----- Provided data -----

text \<open>Near y, C is stable under the homothety of ratio 2 centred at y; for convex C this says
  that C coincides near y with a cone with apex y.\<close>
definition locally_conic_at :: "'a::real_normed_vector set \<Rightarrow> 'a \<Rightarrow> bool" where
  "locally_conic_at C y \<longleftrightarrow> (\<forall>\<^sub>F z in nhds y. z \<in> C \<longrightarrow> 2 *\<^sub>R z - y \<in> C)"

lemma polyhedron_locally_conic_at:
  assumes "polyhedron C" and "y \<in> C"
  shows "locally_conic_at C y"
proof -
  obtain F where F: "finite F" "C = \<Inter>F" and halfspace: "\<forall>H\<in>F. \<exists>a b. a \<noteq> 0 \<and> H = {x. a \<bullet> x \<le> b}"
    using assms(1) unfolding polyhedron_def by blast
  have "\<forall>\<^sub>F z in nhds y. z \<in> H \<longrightarrow> 2 *\<^sub>R z - y \<in> H" if "H \<in> F" for H
  proof -
    obtain a b where H: "H = {x. a \<bullet> x \<le> b}"
      using halfspace \<open>H \<in> F\<close> by blast
    have "a \<bullet> y \<le> b"
      using assms(2) F(2) \<open>H \<in> F\<close> H by auto
    then consider "a \<bullet> y = b" | "a \<bullet> y < b"
      by linarith
    then show ?thesis
    proof cases
      case 1
      then show ?thesis
        by (intro always_eventually) (auto simp: H inner_diff_right)
    next
      case 2
      have "open {z. a \<bullet> (2 *\<^sub>R z - y) < b}"
        by (intro open_Collect_less continuous_intros)
      moreover have "y \<in> {z. a \<bullet> (2 *\<^sub>R z - y) < b}"
        using 2 by (simp add: scaleR_2)
      ultimately show ?thesis
        unfolding eventually_nhds by (intro exI[of _ "{z. a \<bullet> (2 *\<^sub>R z - y) < b}"]) (auto simp: H)
    qed
  qed
  then have "\<forall>\<^sub>F z in nhds y. \<forall>H\<in>F. z \<in> H \<longrightarrow> 2 *\<^sub>R z - y \<in> H"
    by (intro eventually_ball_finite[OF F(1)] ballI)
  then show ?thesis
    unfolding locally_conic_at_def by eventually_elim (auto simp: F(2))
qed

lemma finite_extreme_points_if_locally_conic:
  fixes C :: "'a::euclidean_space set"
  assumes "compact C" and conic: "\<forall>y\<in>C. locally_conic_at C y"
  shows "finite {x. x extreme_point_of C}"
proof (rule ccontr)
  let ?E = "{x. x extreme_point_of C}"
  assume "infinite ?E"
  moreover have "?E \<subseteq> C"
    by (auto simp: extreme_point_of_def)
  ultimately obtain y where "y \<in> C" and "y islimpt ?E"
    using \<open>compact C\<close> unfolding compact_eq_Bolzano_Weierstrass by blast
  obtain \<rho> where "\<rho> > 0" and \<rho>: "\<And>z. dist z y < \<rho> \<Longrightarrow> z \<in> C \<Longrightarrow> 2 *\<^sub>R z - y \<in> C"
    using conic \<open>y \<in> C\<close> unfolding locally_conic_at_def eventually_nhds_metric by blast
  obtain e where e: "e extreme_point_of C" "e \<noteq> y" "dist e y < \<rho>"
    using \<open>y islimpt ?E\<close> \<open>\<rho> > 0\<close> unfolding islimpt_approachable by blast
  have "2 *\<^sub>R e - y \<in> C"
    using \<rho> e extreme_point_of_def by blast
  moreover have mid: "e = midpoint y (2 *\<^sub>R e - y)"
    by (simp add: midpoint_def)
  moreover have "y \<noteq> 2 *\<^sub>R e - y"
    using e(2) mid by (metis midpoint_idem)
  ultimately show False
    using e(1) \<open>y \<in> C\<close> midpoint_in_open_segment unfolding extreme_point_of_def by metis
qed

lemma polytope_iff_locally_conic:
  fixes C :: "'a::euclidean_space set"
  assumes "compact C" and "convex C"
  shows "polytope C \<longleftrightarrow> (\<forall>y\<in>C. locally_conic_at C y)"
proof
  show "polytope C \<Longrightarrow> \<forall>y\<in>C. locally_conic_at C y"
    using polytope_imp_polyhedron polyhedron_locally_conic_at by blast
  show "\<forall>y\<in>C. locally_conic_at C y \<Longrightarrow> polytope C"
    unfolding polytope_def
    using Krein_Milman_Minkowski[OF assms] finite_extreme_points_if_locally_conic[OF \<open>compact C\<close>]
    by blast
qed

lemma locally_conic_at_if_interior:
  fixes C :: "'a::euclidean_space set"
  assumes "convex C" "closed C" "interior C \<noteq> {}"
    and "\<forall>\<^sub>F z in nhds y. z \<in> interior C \<longrightarrow> 2 *\<^sub>R z - y \<in> C"
  shows "locally_conic_at C y"
proof -
  obtain U where "open U" "y \<in> U" and U: "U \<inter> interior C \<subseteq> (\<lambda>z. 2 *\<^sub>R z - y) -` C"
    using assms(4) unfolding eventually_nhds by blast
  have "closed ((\<lambda>z. 2 *\<^sub>R z - y) -` C)"
    by (intro continuous_closed_vimage \<open>closed C\<close> continuous_intros)
  then have "closure (U \<inter> interior C) \<subseteq> (\<lambda>z. 2 *\<^sub>R z - y) -` C"
    using U closure_minimal by blast
  moreover have "U \<inter> C \<subseteq> closure (U \<inter> interior C)"
    using open_Int_closure_subset[OF \<open>open U\<close>, of "interior C"] closure_subset
      convex_closure_interior[OF assms(1,3)] by blast
  ultimately show ?thesis
    unfolding locally_conic_at_def eventually_nhds using \<open>open U\<close> \<open>y \<in> U\<close> by blast
qed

-----

All lines with the string "longleftrightarrow" must be copied from the data.

  "locally_conic_at C y \<longleftrightarrow> (\<forall>\<^sub>F z in nhds y. z \<in> C \<longrightarrow> 2 *\<^sub>R z - y \<in> C)"
  shows "polytope C \<longleftrightarrow> (\<forall>y\<in>C. locally_conic_at C y)"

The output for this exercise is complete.